Jesus Christus – der Hohepriester höherer Ordnung

Der Hebräerbrief stellt Jesus Christus in den Mittelpunkt seiner Ausführungen. Anhand des Alten Testamentes wird begründet, warum Jesus so viel mehr ist als die Priester und die Leviten. Dieser Beweis wurde im vorigen Kapitel geführt. Jetzt kommt das Wesentliche. Die Hauptsache des ganzen Hebräerbriefs. An dieser Stelle wird auf den Anfang des Hebräerbriefs verwiesen, dort heißt es in Kapitel 1,3: „Er ist der Abglanz der Herrlichkeit Gottes … nachdem er die Reinigung der Sünden erwirkt hat, hat er sich zur Rechten der Majestät in der Höhe gesetzt.“ (Hebräer 1,3) Wir haben in Jesus einen Hohenpriester höherer Ordnung, der zur Rechten Gottes sitzt und uns vertritt. Jesus spricht für uns auf dem kürzesten Dienstweg mit Gott. Wenn Jesus sich im Himmel auf den Thron gesetzt hat, dann gewinnt er damit an Hoheit und Würde, dann ist seine Fürsprache für die Gemeinde umso wirksamer. Deshalb sind wir eingeladen, täglich mit ihm zu sprechen, zu ihm zu beten. Das macht den Glauben lebendig und hilft uns, unsere persönliche Beziehung zu Jesus zu vertiefen.
 

Das himmlische Heiligtum und das Opfer am Kreuz

Weiter vergleicht nun der Bibelabschnitt den Priesterdienst Jesu mit dem Dienst der Priester am Jerusalemer Tempel. Jesus dient am himmlischen Heiligtum, das das Vorbild für das irdische Heiligtum war. Der Tempel ist nur ein Abglanz des Himmlischen. Am irdischen Heiligtum könnte Jesus gar nicht Priester sein, denn er war nicht vom Geschlecht Aarons und kam nicht aus dem Stamm Levi, aber er ist ja ein Priester höherer Ordnung. Die Aufgabe der Priester war es, die Opfer für die Sünden darzubringen. Da musste der Priester zunächst für sich selbst opfern, erst wenn er sich dadurch von allen Sünden gereinigt hatte, konnte er für die Sünden des Volkes opfern.

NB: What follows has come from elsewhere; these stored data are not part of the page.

lemma dim_normals_eq:
  fixes S :: "'a::euclidean_space set"
  assumes "x0 \<in> S"
  shows "int (dim {n. \<forall>x\<in>S. n \<bullet> x = n \<bullet> x0}) = int DIM('a) - aff_dim S"
proof -
  let ?D = "(\<lambda>x. x - x0) ` S"
  have "aff_dim S = int (dim ?D)"
    using aff_dim_eq_dim_subtract[of x0 S] assms by (simp add: hull_inc)
  moreover have "{n. \<forall>x\<in>S. n \<bullet> x = n \<bullet> x0} = {z. \<forall>n\<in>?D. n \<bullet> z = 0}"
    by (auto simp: inner_diff_right inner_commute)
  ultimately show ?thesis using dim_orthogonal_complement_add[of ?D] by simp
qed

lemma dim_pair_eq_2:
  fixes x y :: "'a::euclidean_space"
  assumes "x \<noteq> 0" "y \<notin> span {x}"
  shows "dim {x, y} = 2"
proof -
  have "independent {x, y}"
    using assms by (simp add: independent_insert insert_commute[of x y])
  moreover have "x \<noteq> y" using assms(2) span_base[of x "{x}"] by auto
  ultimately show ?thesis by (simp add: dim_eq_card_independent)
qed

lemma unit_multiple_cases:
  fixes x y :: "'a::real_normed_vector"
  assumes "norm x = 1" "norm y = 1" "y \<in> span {x}"
  shows "y = x \<or> y = - x"
proof -
  obtain l where l: "y = l *\<^sub>R x" using assms(3) by (auto simp: span_singleton)
  then have "\<bar>l\<bar> = 1" using assms(1,2) by simp
  then show ?thesis using l by (cases "l \<ge> 0") auto
qed

lemma constant_functionals_collinear:
  fixes F B :: "'a::euclidean_space set"
  assumes "x0 \<in> F" "subspace B" "(\<lambda>z. z - x0) ` F \<subseteq> B" "aff_dim F + 1 = int (dim B)"
    and "x \<in> B" "y \<in> B" "x \<noteq> 0"
    and "\<forall>z\<in>F. x \<bullet> z = x \<bullet> x0" "\<forall>z\<in>F. y \<bullet> z = y \<bullet> x0"
  shows "y \<in> span {x}"
proof (rule ccontr)
  assume y: "y \<notin> span {x}"
  let ?A = "span ((\<lambda>z. z - x0) ` F)"
  let ?O = "{w \<in> B. \<forall>a \<in> ?A. orthogonal a w}"
  have "?A \<subseteq> B" using assms(3,2) by (rule span_minimal)
  then have "dim ?O + dim ?A = dim B"
    by (intro dim_subspace_orthogonal_to_vectors) (auto simp: assms(2))
  moreover have "aff_dim F = int (dim ?A)"
    using aff_dim_eq_dim_subtract[of x0 F] assms(1) by (simp add: hull_inc)
  ultimately have "dim ?O = 1" using assms(4) by linarith
  have normal: "w \<in> ?O" if "w \<in> B" "\<forall>z\<in>F. w \<bullet> z = w \<bullet> x0" for w
  proof -
    have "\<forall>a\<in>(\<lambda>z. z - x0) ` F. orthogonal w a"
      using that(2) by (auto simp: orthogonal_def inner_diff_right)
    then have "\<forall>a\<in>?A. orthogonal w a" using orthogonal_to_span by blast
    then show ?thesis using that(1) by (simp add: orthogonal_commute)
  qed
  have "{x, y} \<subseteq> ?O" using normal assms(5,6,8,9) by blast
  then have "dim {x, y} \<le> dim ?O" by (rule dim_subset)
  then show False using dim_pair_eq_2[OF assms(7) y] \<open>dim ?O = 1\<close> by simp
qed

lemma face_of_polyhedron_two_facets:
  fixes P F :: "'a::euclidean_space set"
  assumes "polyhedron P" "F face_of P" "F \<noteq> {}" "F \<noteq> P" "\<not> F facet_of P" "P \<noteq> UNIV"
  shows "\<exists>G1 G2. G1 facet_of P \<and> G2 facet_of P \<and> F \<subseteq> G1 \<and> F \<subseteq> G2 \<and> G1 \<noteq> G2"
proof (rule ccontr)
  let ?FF = "{G. G facet_of P \<and> F \<subseteq> G}"
  assume "\<not> ?thesis"
  then consider "?FF = {}" | G where "?FF = {G}" by blast
  moreover have "F = \<Inter>?FF" using face_of_polyhedron[OF assms(1-4)] .
  ultimately show False
  proof cases
    case 1
    then have "F = UNIV" using \<open>F = \<Inter>?FF\<close> by (metis Inter_empty)
    then show False using assms(2,6) face_of_imp_subset by blast
  next
    case (2 G)
    then show False using \<open>F = \<Inter>?FF\<close> assms(5) by auto
  qed
qed

lemma facet_subset_proper_face_eq:
  fixes S :: "'a::euclidean_space set"
  assumes "convex S" "F facet_of S" "G face_of S" "G \<noteq> S" "F \<subseteq> G"
  shows "F = G"
proof (rule ccontr)
  assume "F \<noteq> G"
  moreover have "F face_of G"
    using face_of_subset[OF facet_of_imp_face_of[OF assms(2)] assms(5) face_of_imp_subset[OF assms(3)]] .
  ultimately have "aff_dim F < aff_dim G"
    using face_of_aff_dim_lt[OF face_of_imp_convex[OF assms(3)]] by blast
  moreover have "aff_dim G < aff_dim S" using face_of_aff_dim_lt[OF assms(1,3,4)] .
  ultimately show False using assms(2) by (simp add: facet_of_def)
qed

lemma full_dim_polyhedron_facet_halfspaces:
  fixes Q :: "'a::euclidean_space set"
  assumes "polyhedron Q" "aff_dim Q = int DIM('a)"
  obtains H :: "'a set set" and n :: "'a set \<Rightarrow> 'a" and \<beta> :: "'a set \<Rightarrow> real"
  where "finite H" "Q = \<Inter>H" "\<And>h. h \<in> H \<Longrightarrow> h = {x. n h \<bullet> x \<le> \<beta> h}"
    "\<And>G. G facet_of Q \<longleftrightarrow> (\<exists>h. h \<in> H \<and> G = Q \<inter> {x. n h \<bullet> x = \<beta> h})"
proof -
  obtain H where "finite H" and H_eq: "Q = affine hull Q \<inter> \<Inter>H"
    and "\<And>h. h \<in> H \<Longrightarrow> \<exists>a b. a \<noteq> 0 \<and> h = {x. a \<bullet> x \<le> b}"
    and H_minimal: "\<And>H'. H' \<subset> H \<Longrightarrow> Q \<subset> affine hull Q \<inter> \<Inter>H'"
    using assms(1) by (simp add: polyhedron_Int_affine_minimal) meson
  then obtain n \<beta> where hs: "\<And>h. h \<in> H \<Longrightarrow> n h \<noteq> 0 \<and> h = {x. n h \<bullet> x \<le> \<beta> h}"
    by metis
  show ?thesis
  proof (rule that[OF \<open>finite H\<close>])
    show "Q = \<Inter>H" using H_eq assms(2) aff_dim_eq_full by auto
    show "h = {x. n h \<bullet> x \<le> \<beta> h}" if "h \<in> H" for h using hs[OF that] by blast
    show "G facet_of Q \<longleftrightarrow> (\<exists>h. h \<in> H \<and> G = Q \<inter> {x. n h \<bullet> x = \<beta> h})" for G
      by (rule facet_of_polyhedron_explicit[OF \<open>finite H\<close> H_eq hs H_minimal])
  qed
qed

lemma mem_face_if_on_facets_through:
  fixes Q R :: "'a::euclidean_space set"
  assumes "polyhedron Q" "R face_of Q" "R \<noteq> {}" "R \<noteq> Q" "x0 \<in> R"
    and "y \<in> Q" "\<And>G. G facet_of Q \<Longrightarrow> x0 \<in> G \<Longrightarrow> y \<in> G"
  shows "y \<in> R"
proof -
  have "y \<in> \<Inter>{G. G facet_of Q \<and> R \<subseteq> G}" using assms(5,7) by blast
  then show ?thesis using face_of_polyhedron[OF assms(1-4)] by simp
qed

lemma mem_face_if_tight_constraints_agree:
  fixes Q R :: "'a::euclidean_space set"
  assumes "polyhedron Q" "R face_of Q" "R \<noteq> {}" "R \<noteq> Q" "x0 \<in> R"
    and "Q = \<Inter>H" and hs: "\<And>h. h \<in> H \<Longrightarrow> h = {x. n h \<bullet> x \<le> \<beta> h}"
    and facet_iff: "\<And>G. G facet_of Q \<longleftrightarrow> (\<exists>h. h \<in> H \<and> G = Q \<inter> {x. n h \<bullet> x = \<beta> h})"
    and y: "\<And>h. h \<in> H \<Longrightarrow> n h \<bullet> x0 = \<beta> h \<Longrightarrow> n h \<bullet> y = \<beta> h"
      "\<And>h. h \<in> H \<Longrightarrow> n h \<bullet> x0 \<noteq> \<beta> h \<Longrightarrow> n h \<bullet> y < \<beta> h"
  shows "y \<in> R"
proof (rule mem_face_if_on_facets_through[OF assms(1-5)])
  have "y \<in> h" if h: "h \<in> H" for h
  proof -
    have "n h \<bullet> y \<le> \<beta> h" using y h by (cases "n h \<bullet> x0 = \<beta> h") force+
    then show ?thesis by (subst hs[OF h]) simp
  qed
  then show "y \<in> Q" using assms(6) by blast
  show "y \<in> G" if "G facet_of Q" "x0 \<in> G" for G
  proof -
    obtain h where "h \<in> H" "G = Q \<inter> {x. n h \<bullet> x = \<beta> h}" using facet_iff \<open>G facet_of Q\<close> by blast
    then show ?thesis using y(1) \<open>x0 \<in> G\<close> \<open>y \<in> Q\<close> by simp
  qed
qed

text \<open>Near a relative interior point x0 of R only the facet inequalities tight at x0 matter,
  so the points of their common level set close to x0 stay in R.\<close>
lemma face_aff_dim_ge_facet_normals:
  fixes Q R :: "'a::euclidean_space set"
  assumes Q: "polyhedron Q" "aff_dim Q = int DIM('a)" and R: "R face_of Q" "R \<noteq> {}" "R \<noteq> Q"
  obtains X where
    "\<And>n. n \<in> X \<Longrightarrow> \<exists>\<beta>. Q \<subseteq> {x. n \<bullet> x \<le> \<beta>} \<and>
        Q \<inter> {x. n \<bullet> x = \<beta>} facet_of Q \<and> R \<subseteq> Q \<inter> {x. n \<bullet> x = \<beta>}"
    "int DIM('a) - int (dim X) \<le> aff_dim R"
proof -
  obtain H nv bv where "finite H" and Q_eq: "Q = \<Inter>H"
    and hs: "\<And>h. h \<in> H \<Longrightarrow> h = {x. nv h \<bullet> x \<le> bv h}"
    and facet_iff: "\<And>G. G facet_of Q \<longleftrightarrow> (\<exists>h. h \<in> H \<and> G = Q \<inter> {x. nv h \<bullet> x = bv h})"
    using full_dim_polyhedron_facet_halfspaces[OF Q] by metis
  have Q_le: "Q \<subseteq> {x. nv h \<bullet> x \<le> bv h}" if "h \<in> H" for h
  proof -
    have "Q \<subseteq> h" using Q_eq that by blast
    then show ?thesis by (subst (asm) hs[OF that])
  qed
  obtain x0 where x0: "x0 \<in> rel_interior R"
    using R(2) rel_interior_eq_empty face_of_imp_convex[OF R(1)] by blast
  have x0R: "x0 \<in> R" and RQ: "R \<subseteq> Q" using x0 rel_interior_subset R(1) face_of_imp_subset by blast+
  define T where "T = {h\<in>H. nv h \<bullet> x0 = bv h}"
  have T_facet: "Q \<inter> {x. nv h \<bullet> x = bv h} facet_of Q" if "h \<in> T" for h
    using facet_iff that by (auto simp: T_def)
  have T_contains: "R \<subseteq> Q \<inter> {x. nv h \<bullet> x = bv h}" if "h \<in> T" for h
    using subset_of_face_of[OF facet_of_imp_face_of[OF T_facet[OF that]] RQ] x0 x0R RQ that
    by (auto simp: T_def)
  define A where "A = {y. \<forall>n\<in>nv ` T. n \<bullet> y = n \<bullet> x0}"
  define U where "U = (\<Inter>h\<in>H - T. {x. nv h \<bullet> x < bv h})"
  have "open U" unfolding U_def using \<open>finite H\<close> by (intro open_INT) (auto intro: open_halfspace_lt)
  have "x0 \<in> U" using Q_le x0R RQ by (force simp: U_def T_def)
  have "A \<inter> U \<subseteq> R"
  proof
    fix y assume "y \<in> A \<inter> U"
    then show "y \<in> R"
      using mem_face_if_tight_constraints_agree[OF Q(1) R x0R Q_eq hs facet_iff]
      by (auto simp: A_def U_def T_def)
  qed
  have "A = (\<Inter>n\<in>nv ` T. {y. n \<bullet> y = n \<bullet> x0})" by (auto simp: A_def)
  then have "convex A" by (simp add: convex_INT convex_hyperplane)
  then have "aff_dim A = aff_dim (A \<inter> U)"
    using aff_dim_convex_Int_open[OF _ \<open>open U\<close>] \<open>x0 \<in> U\<close> by (force simp: A_def)
  also have "\<dots> \<le> aff_dim R" using \<open>A \<inter> U \<subseteq> R\<close> by (rule aff_dim_subset)
  finally have "aff_dim A \<le> aff_dim R" .
  moreover have "aff_dim A = int DIM('a) - int (dim (nv ` T))"
    unfolding A_def by (rule aff_dim_common_level_set)
  ultimately have "int DIM('a) - int (dim (nv ` T)) \<le> aff_dim R" by simp
  moreover have "\<exists>\<beta>. Q \<subseteq> {x. n \<bullet> x \<le> \<beta>} \<and>
      Q \<inter> {x. n \<bullet> x = \<beta>} facet_of Q \<and> R \<subseteq> Q \<inter> {x. n \<bullet> x = \<beta>}" if n: "n \<in> nv ` T" for n
  proof -
    obtain h where "h \<in> T" "n = nv h" using n by blast
    then show ?thesis using Q_le T_facet T_contains by (intro exI[of _ "bv h"]) (auto simp: T_def)
  qed
  ultimately show ?thesis using that by blast
qed

lemma facet_of_facet_iff_ridge:
  fixes Q :: "'a::euclidean_space set"
  assumes "B facet_of Q" "F face_of B" "F \<noteq> {}"
  shows "F facet_of B \<longleftrightarrow> ridge_of F Q"
  using assms face_of_trans[OF assms(2) facet_of_imp_face_of[OF assms(1)]]
  by (auto simp: facet_of_def ridge_of_def)

lemma ridge_subset_face_of_facet:
  fixes Q :: "'a::euclidean_space set"
  assumes "B facet_of Q" "F face_of B" "F \<noteq> B" "ridge_of R Q" "R \<subseteq> F"
  shows "F facet_of B"
proof -
  have "aff_dim R \<le> aff_dim F" using assms(5) by (rule aff_dim_subset)
  moreover have "aff_dim F < aff_dim B"
    using face_of_aff_dim_lt[OF face_of_imp_convex[OF facet_of_imp_face_of[OF assms(1)]] assms(2,3)] .
  ultimately show ?thesis using assms(1,2,4,5) by (auto simp: facet_of_def ridge_of_def)
qed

Auch Jesus hat ein Opfer dargebracht, nur musste er nicht für sich selbst opfern, da er ohne Sünde war. Und das Opfer, das er dargebracht hat, war er selbst. Durch sein unschuldiges Leiden und Sterben am Kreuz hat er ein Opfer gebracht, das für die Schuld der ganzen Menschheit ein für allemal gilt. Der Hebräerbrief zeichnet hier das folgende Bild: Jesus vollzieht den himmlischen Priesterdienst im himmlischen Heiligtum. Seine Himmelfahrt wird verglichen mit dem irdischen Gang des Hohepriesters in das Allerheiligste des Tempels. Das Opfer am Kreuz entspricht dem Opfer am großen Versöhnungstag. Das Johannesevangelium berichtet uns in seiner Chronologie, dass Jesus zu der Stunde am Kreuz starb, als im Tempel die Passalammär geschlachtet wurden. Er ist das letztgültige Opfer, und deshalb müssen wir heute keine Opfer mehr bringen.
 

Der neue Bund – Mittler und Verheißung

Jesus hat ein höheres Amt angetreten als der Hohepriester und wird deshalb auch als Mittler eines besseren Bundes bezeichnet. Das griechische Wort mesites, das hier für Mittler steht, hat eine breite Wortbedeutung. Es kann Mittler, auch Schiedsrichter, Friedensstifter, Zeuge, Bürge bedeuten. Als Mittler tritt er zwischen die Parteien, um zu schlichten. Jesus vermittelt zwischen uns und Gott. Er bürgt für seine Verheißungen, er schafft Frieden mit Gott durch die Vergebung unserer Sünden. Er ist der Mittler eines besseren Bundes, der auf bessere Verheißungen gegründet ist. Ein anderer Bund wurde notwendig, weil der erste nicht ausreichte. Der Bund, den Gott mit dem Volk Israel am Sinai geschlossen hatte.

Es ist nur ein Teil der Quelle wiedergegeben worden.